Thinking About Thinking

On the bus home from work today I stared out the window as I crossed the Granville bridge and smiled to myself as I reflected on the beauty of our city. It’s moments like this that I feel like my thinking is clear and I am able to calm my mind, even if only for a few seconds. Out of nowhere I remember, “I have a reflection for D.Studio due tomorrow morning”. Automatically my brain switches gears and I jump into a critical thinking mode that is very analytical. I attempt to recall the topic and proceed to think about what I want to say, how long it will take me to say it, and when I can complete the task before tomorrow at 7am. I placed the task on my mental to-do then began to think about my other courses to ensure that I wasn’t forgetting about any other deadlines. My thought pattern changed from expansive and calm to precise and efficient in the blink of an eye.

Flash forward to 11:00pm when I sit down to write this reflection… I open a blank word document and begin to write down point-form notes on “how I think”. The following are some of the points I started with:

“- Analytical – Detail oriented – Thinking = depends on the context and environment”

I stopped after a few points and realized that this is how I thought my brain worked but I’m not actually as analytical as I thought. This is the moment that I thought about my moment of clarity on the bus. “I am a creative thinker sometimes…” I think to myself. “I love big-picture brainstorming and visual representations and I must admit that the free-writing exercise last class felt pretty darn good. Interesting.” I think. “How on earth am I ever going to express this in a reflection?” I ask.  “Just write down what you just thought, it’s a reflection”

I have always had this perception that I have a calculated, compartmentalized thought pattern but I think there is a flaw in this perception. When I solve a problem I’m detail oriented yet a big picture thinker. When I sit down to write a paper I often start with a mindmap. One of the walls in my apartment is full of colour-coded post-it notes. I’m actually a pretty visual thinker.
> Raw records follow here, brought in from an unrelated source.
lemma implicit_border_edge_end_strict_prefix:
  assumes "implicit_on_edge N r par lab p x y"
    and "q \<in> Substr N r par lab" and "prefix p q" and "strict_suffix p q"
  shows "strict_prefix y q"
proof -
  define t where "t = take (length y) q"
  have "length y \<le> length q"
    using assms by (rule implicit_border_edge_end_length_le)
  then have len_t: "length t = length y"
    unfolding t_def by simp
  have "length p < length y"
    using assms(1) unfolding implicit_on_edge_def by (simp add: prefix_length_less)
  then have "prefix p t"
    using assms(3) unfolding t_def by (auto simp: prefix_def)
  moreover have "t \<in> Substr N r par lab"
    using assms(2) take_is_prefix Substr_prefix_closed unfolding t_def by blast
  ultimately have "prefix t y"
    using implicit_on_edge_extension_prefix[OF assms(1)] len_t by simp
  then have "t = y"
    using len_t by (auto simp: prefix_def)
  then have "prefix y q"
    unfolding t_def by (metis take_is_prefix)
  moreover have "y \<in> STnodes N r par lab" and "q \<notin> STnodes N r par lab"
    using assms(1) implicit_border_imp_not_STnode[OF assms(1,3,4)]
    unfolding implicit_on_edge_def STedge_def by auto
  ultimately show ?thesis
    by (auto simp: strict_prefix_def)
qed
(* Let $d\ge3$ and let $C$ be a $d$-dimensional copula whose marginal $C^{1:d-1}$ is absolutely continuous. Then $\mu_C$ is singular with respect to $\lambda_d$ if and only if there exists $\Lambda\in\mathcal{B}(\mathbb{I}^{d-1})$ with $\mu_{C^{1:d-1}}(\Lambda)=1$ such that $K_C(\mathbf{x},\cdot)$ is singular with respect to $\lambda$ for every $\mathbf{x}\in\Lambda$.
   Context: $\mathbb{I}=[0,1]$; $\lambda_m$ is Lebesgue measure on $\mathbb{I}^m$, $\lambda=\lambda_1$. $\mu_C$ is the probability measure with distribution function $C$; $C^{1:d-1}(\mathbf{x})=C(\mathbf{x},1)$ with measure $\mu_{C^{1:d-1}}$. $K_C:\mathbb{I}^{d-1}\times\mathcal{B}(\mathbb{I})\to\mathbb{I}$ is (a version of) the $(d-1)$-Markov kernel of $C$, i.e. a regular conditional distribution of $Y$ given $\mathbf{X}$ where $(\mathbf{X},Y)$ has distribution function $C$. A finite measure $\vartheta$ on $\mathcal{B}(\mathbb{I}^m)$ is singular if there is $G$ with $\vartheta(G)=\vartheta(\mathbb{I}^m)$ and $\lambda_m(G)=0$. *)

theory Defs
  imports "HOL-Analysis.Analysis" "HOL-Probability.Probability"
begin

text \<open>Points of the unit cube I^d are represented as pairs (x, y) with
  x :: real^'n (the first d-1 coordinates, d - 1 = CARD('n)) and y :: real
  (the last coordinate).\<close>

definition unit_cube :: "(real^'n) set" where
  "unit_cube = {x. \<forall>i. 0 \<le> x $ i \<and> x $ i \<le> 1}"

definition copula_measure :: "((real^'n) \<times> real) measure \<Rightarrow> bool" where
  "copula_measure M \<longleftrightarrow>
     sets M = sets borel \<and> prob_space M \<and>
     measure M (unit_cube \<times> {0..1}) = 1 \<and>
     (\<forall>i. \<forall>t\<in>{0..1}. measure M {z. fst z $ i \<le> t} = t) \<and>
     (\<forall>t\<in>{0..1}. measure M {z. snd z \<le> t} = t)"

definition is_dist_fun_of :: "((real^'n) \<Rightarrow> real \<Rightarrow> real) \<Rightarrow> ((real^'n) \<times> real) measure \<Rightarrow> bool" where
  "is_dist_fun_of C M \<longleftrightarrow>
     (\<forall>x\<in>unit_cube. \<forall>y\<in>{0..1}. C x y = measure M ({..x} \<times> {..y}))"

definition marg :: "((real^'n) \<times> real) measure \<Rightarrow> (real^'n) measure" where
  "marg M = distr M borel fst"

definition markov_kernel_of :: "((real^'n) \<times> real) measure \<Rightarrow> ((real^'n) \<Rightarrow> real measure) \<Rightarrow> bool" where
  "markov_kernel_of M K \<longleftrightarrow>
     K \<in> borel \<rightarrow>\<^sub>M prob_algebra borel \<and>
     (\<forall>x\<in>unit_cube. emeasure (K x) {0..1} = 1) \<and>
     (\<forall>A\<in>sets borel. \<forall>B\<in>sets borel.
        emeasure M (A \<times> B) = (\<integral>\<^sup>+x. indicator A x * emeasure (K x) B \<partial>marg M))"

definition singular_leb :: "'a::euclidean_space measure \<Rightarrow> bool" where
  "singular_leb \<nu> \<longleftrightarrow>
     (\<exists>G\<in>sets borel. emeasure \<nu> G = emeasure \<nu> (space \<nu>) \<and> emeasure lborel G = 0)"

end

theory Submission
  imports Defs
begin

(* Disintegrate mu_C as the semidirect product of its marginal mu_{C^{1:d-1}} and the kernel K_C.

   If mu_C is concentrated on a lambda_d-null set G, then by Fubini almost every section G_x is
   lambda-null; absolute continuity of the marginal upgrades "lambda-almost every x" to
   "mu_{C^{1:d-1}}-almost every x", and the disintegration forces K_C(x, G_x) = 1 for almost every x.

   Conversely, let G be a lambda_d-null set of maximal mu_C-measure and E its complement, so that
   mu_C restricted to E has a Lebesgue density f, while the marginal has a Lebesgue density g.
   Comparing both descriptions on rectangles shows that for almost every x the measure
   g(x) K_C(x, E_x \<inter> .) has Lebesgue density f(x, .). When K_C(x, .) is singular this measure
   must vanish, hence mu_C(E) = 0 and mu_C is singular. *)

lemma sets_borel_prod_borel:
  "sets (borel \<Otimes>\<^sub>M borel) =
    sets (borel :: ('a::second_countable_topology \<times> 'b::second_countable_topology) measure)"
  by (simp only: borel_prod)
lemma forced_color_unmatched: "v \<notin> \<Union>F \<Longrightarrow> forced_color v = v"
  unfolding forced_color_def by simp

lemma forced_color_in_edge: "e \<in> F \<Longrightarrow> v \<in> e \<Longrightarrow> forced_color v = Min e"
  unfolding forced_color_def using edge_of_eq by auto

lemma forced_color_eq_Min_iff:
  assumes "e \<in> F"
  shows "forced_color v = Min e \<longleftrightarrow> v \<in> e"
proof
  assume eq: "forced_color v = Min e"
  show "v \<in> e"
  proof (cases "v \<in> \<Union>F")
    case True
    then obtain e' where "e' \<in> F" "v \<in> e'" by blast
    then show ?thesis using eq forced_color_in_edge assms inj_on_Min by (metis inj_onD)
  next
    case False
    then show ?thesis using eq forced_color_unmatched assms Min_in_edge by auto
  qed
qed (use assms forced_color_in_edge in blast)

lemma forced_color_eq_imp_edge:
  assumes "u \<noteq> v" "forced_color u = forced_color v"
  shows "{u, v} \<in> F"
proof -
  have *: "{u, v} \<in> F" if "u \<noteq> v" "forced_color u = forced_color v" "u \<in> \<Union>F" for u v
  proof -
    obtain e where e: "e \<in> F" "u \<in> e" using \<open>u \<in> \<Union>F\<close> by blast
    then have "v \<in> e" using that forced_color_in_edge forced_color_eq_Min_iff by metis
    then have "e = {u, v}" using e \<open>u \<noteq> v\<close> edge_Min_Max(1) by (metis doubleton_eq_iff insertE singletonD)
    then show ?thesis using e by simp
  qed
  show ?thesis
    using *[of u v] *[of v u] assms forced_color_unmatched by (metis insert_commute)
qed

definition palette :: "nat set" where
  "palette = {..<n} - Max ` F"

lemma card_palette: "card palette = card {..<n} - card F"
proof -
  have "Max ` F \<subseteq> {..<n}" using edge_Min_Max(3) by auto
  then show ?thesis
    unfolding palette_def using card_image[OF inj_on_Max] by (simp add: card_Diff_subset finite_subset)
qed

lemma Min_in_palette: "e \<in> F \<Longrightarrow> Min e \<in> palette"
  unfolding palette_def using Min_notin_Max_image edge_Min_Max(2,3) by fastforce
I think differently in different situations. This reflection has certainly helped me realize that.

I apologize because this reflection is very unorganized. I jump from past tense to present tense, my thoughts are all over the place, and I have far too many grammatical errors. I felt that fixing everything up would kind of defeat the purpose and wouldn’t be an accurate representation of “how I think” because my “intense analytical thought” is due to all the editing and fixing I’ve done in the past. I’m not pretending I’m not a critical thinker. I am just opening my eyes to the fact that sometimes I’m creative, unorganized and visual without even realizing it.
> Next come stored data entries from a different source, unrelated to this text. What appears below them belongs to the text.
(* Let $f_0(1)=0$ and $f_0(n)=1$ for $n\ge2$, and let $m\ge1$. For $n>3$ and $1\le k\le\lfloor n/2\rfloor$, $c_m(n,k)$ equals the number of words of length $n-3$ over the alphabet $\{0,1,\ldots,m\}$ with exactly $k-1$ letters equal to $1$ and in which all nonzero letters are isolated (no two nonzero letters are adjacent). Moreover, for $1\le k\le\lfloor n/2\rfloor$, \[c_m(n,k)=\sum_{j=0}^{\lfloor\frac{n}{2}\rfloor-k}(m-1)^{j}\binom{j+k-1}{k-1}\binom{n-k-j-1}{k+j-1},\] and $c_m(n,k)=0$ when $\lfloor n/2\rfloor<k\le n$.
   Context: For $m\ge 1$, $f_m$ is the invert transform of $f_{m-1}$, i.e. $f_m(n)=f_{m-1}(n)+\sum_{i=1}^{n-1}f_{m-1}(i)f_m(n-i)$ for $n\ge1$. For $m\ge1$ the numbers $c_m(n,k)$, $0\le k\le n$, are defined by $c_m(0,0)=1$, $c_m(n,0)=0$ for $n\ge1$, and $c_m(n,k)=\sum_{i=1}^{n-k+1}f_{m-1}(i)\,c_m(n-i,k-1)$ for $1\le k\le n$. The convention $0^0=1$ is used. *)

theory Defs
  imports Main
begin

text \<open>Invert transform of a sequence g (indexed from 1):
  inv_tr g n = g n + (\<Sum>i=1..n-1. g i * inv_tr g (n-i)) for n \<ge> 1; value at 0 is irrelevant (set to 0).\<close>
function inv_tr :: "(nat \<Rightarrow> nat) \<Rightarrow> nat \<Rightarrow> nat" where
  "inv_tr g n = (if n = 0 then 0 else g n + (\<Sum>i\<in>{1..n-1}. g i * inv_tr g (n - i)))"
  by auto
termination
  by (relation "measure (\<lambda>(g, n). n)") auto

definition f0 :: "nat \<Rightarrow> nat" where
  "f0 n = (if n \<le> 1 then 0 else 1)"

fun f :: "nat \<Rightarrow> nat \<Rightarrow> nat" where
  "f 0 = f0"
| "f (Suc m) = inv_tr (f m)"

text \<open>The triangle attached to a sequence g: cc g 0 0 = 1, cc g n 0 = 0 (n \<ge> 1),
  cc g n k = \<Sum>i=1..n-k+1. g i * cc g (n-i) (k-1) for 1 \<le> k \<le> n
  (and 0 for k > n, a range not covered by the paper's definition).\<close>
fun cc :: "(nat \<Rightarrow> nat) \<Rightarrow> nat \<Rightarrow> nat \<Rightarrow> nat" where
  "cc g n 0 = (if n = 0 then 1 else 0)"
| "cc g n (Suc k) = (if Suc k \<le> n then (\<Sum>i\<in>{1..n - Suc k + 1}. g i * cc g (n - i) k) else 0)"

definition c :: "nat \<Rightarrow> nat \<Rightarrow> nat \<Rightarrow> nat" where
  "c m n k = cc (f (m - 1)) n k"

definition words :: "nat \<Rightarrow> nat \<Rightarrow> nat \<Rightarrow> nat list set" where
  "words m L j = {w. length w = L \<and> set w \<subseteq> {0..m} \<and> count_list w 1 = j \<and>
      (\<forall>i. Suc i < length w \<longrightarrow> w ! i = 0 \<or> w ! Suc i = 0)}"

end

theory Submission
  imports Defs "HOL-Computational_Algebra.Formal_Power_Series"
begin

text \<open>
  Writing \<open>H\<^sub>a\<close> for the generating function of \<open>f\<^sub>a\<close>, the invert transform
  gives \<open>H\<^sub>a\<^sub>+\<^sub>1 (1 - H\<^sub>a) = H\<^sub>a\<close>, and induction on \<open>a\<close> yields
  \<open>H\<^sub>a (1 - x - a x\<^sup>2) = x\<^sup>2\<close>. The triangle built from \<open>f\<^sub>a\<close> has column generating
  functions \<open>H\<^sub>a\<^sup>k\<close>, so multiplying by \<open>1 - x - a x\<^sup>2\<close> gives the recurrence
  \<open>c(n+2,k+1) = c(n+1,k+1) + a c(n,k+1) + c(n,k)\<close>.
  The binomial sum satisfies the same recurrence by Pascal's rule, and so do the
  word counts, by classifying words according to their first letter; the initial values agree.
\<close>

unbundle fps_syntax

declare inv_tr.simps [simp del] cc.simps(2) [simp del]

lemma inv_tr_0 [simp]: "inv_tr g 0 = 0"
  by (simp add: inv_tr.simps)

lemma f_0 [simp]: "f a 0 = 0"
  by (cases a) (simp_all add: f0_def)

lemma f_1 [simp]: "f a (Suc 0) = 0"
  by (induction a) (simp_all add: f0_def inv_tr.simps)

definition ogf :: "(nat \<Rightarrow> nat) \<Rightarrow> int fps" where
  "ogf g = Abs_fps (\<lambda>n. int (g n))"

lemma ogf_nth [simp]: "ogf g $ n = int (g n)"
  by (simp add: ogf_def)

lemma cc_eq_0_if_less: "n < k \<Longrightarrow> cc g n k = 0"
  by (cases k) (auto simp: cc.simps(2))

lemma cc_Suc_convolution:
  assumes "g 0 = 0"
  shows "cc g n (Suc k) = (\<Sum>i=0..n. g i * cc g (n - i) k)"
proof -
  have vanish: "g i * cc g (n - i) k = 0" if "i = 0 \<or> n - i < k" for i
    using that assms by (auto simp: cc_eq_0_if_less)
  show ?thesis
  proof (cases "Suc k \<le> n")
    case True
    have "(\<Sum>i=0..n. g i * cc g (n - i) k) = (\<Sum>i=1..n - Suc k + 1. g i * cc g (n - i) k)"
    proof (rule sum.mono_neutral_right)
      show "\<forall>i\<in>{0..n} - {1..n - Suc k + 1}. g i * cc g (n - i) k = 0"
        by (intro ballI vanish) auto
    qed (use True in auto)
    with True show ?thesis by (simp add: cc.simps(2))
  next
    case False
    then have "(\<Sum>i=0..n. g i * cc g (n - i) k) = 0"
      by (intro sum.neutral ballI vanish) auto
    with False show ?thesis by (simp add: cc.simps(2))
  qed
qed

lemma ogf_cc: "g 0 = 0 \<Longrightarrow> ogf (\<lambda>n. cc g n k) = ogf g ^ k"
proof (induction k)
  case 0
  show ?case by (simp add: fps_eq_iff)
next
  case (Suc k)
  have "ogf (\<lambda>n. cc g n (Suc k)) = ogf g * ogf (\<lambda>n. cc g n k)"
    by (rule fps_ext) (simp add: fps_mult_nth cc_Suc_convolution[where g = g, OF Suc.prems])
  with Suc show ?case by simp
qed

lemma ogf_inv_tr:
  assumes "g 0 = 0"
  shows "ogf (inv_tr g) = ogf g + ogf g * ogf (inv_tr g)"
proof (rule fps_ext)
  fix n
  show "ogf (inv_tr g) $ n = (ogf g + ogf g * ogf (inv_tr g)) $ n"
  proof (cases n)
    case (Suc p)
    have "(\<Sum>i=0..Suc p. int (g i) * int (inv_tr g (Suc p - i))) = (\<Sum>i=1..p. int (g i) * int (inv_tr g (Suc p - i)))"
      using assms by (simp add: sum.atLeast_Suc_atMost)
    moreover have "int (inv_tr g (Suc p)) = int (g (Suc p)) + (\<Sum>i=1..p. int (g i) * int (inv_tr g (Suc p - i)))"
      by (simp add: inv_tr.simps[of g "Suc p"])
    ultimately show ?thesis
      using Suc by (simp add: fps_mult_nth)
  qed (simp add: assms)
qed

lemma ogf_f: "ogf (f a) * (1 - fps_X - of_nat a * fps_X ^ 2) = fps_X ^ 2"
proof (induction a)
  case 0
  have "ogf f0 = ogf f0 * fps_X + fps_X ^ 2"
    by (rule fps_ext) (auto simp: f0_def)
  then show ?case by (simp add: algebra_simps)
next
  case (Suc a)
  let ?H = "ogf (f a)" and ?H' = "ogf (f (Suc a))"
  have "?H' * (1 - ?H) = ?H"
    using ogf_inv_tr[of "f a"] by (simp add: algebra_simps)
  moreover have "(1 - ?H) * (1 - fps_X - of_nat a * fps_X ^ 2) = 1 - fps_X - of_nat (Suc a) * fps_X ^ 2"
    using Suc.IH by (simp add: algebra_simps)
  ultimately have "?H' * (1 - fps_X - of_nat (Suc a) * fps_X ^ 2) = ?H * (1 - fps_X - of_nat a * fps_X ^ 2)"
    by (metis mult.assoc)
  with Suc.IH show ?case by simp
qed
One response to “Thinking About Thinking”

  1. floringheorghe

    How quickly our minds hijack the serenity and calmness sometimes! I challenge your point on how you switched to efficiency in that moment, since often when we are overwhelmed with thoughts and to-do’s I think we lose the ability to join dis-similar ideas and create something novel. Sometimes of course that super precision is great for productivity, and maybe even for insight. Are you familiar with the concept of flow in psychology? Basically when we are adequately challenged and adequately aroused intellectually we can go into a hyper-productive state where time flies by, we have a rush from loving the work we are doing, and we simply “flow”. Sir Ken Robinson also calls this being in The Element (see associated TED Talk and book). Finally, I appreciate your blog post is in the same style as your thinking, namely non-linear. I do challenge you to think, how can you present it in a way that shows the non-linearity but in a linear written format? Maybe an info graphic like Joyce…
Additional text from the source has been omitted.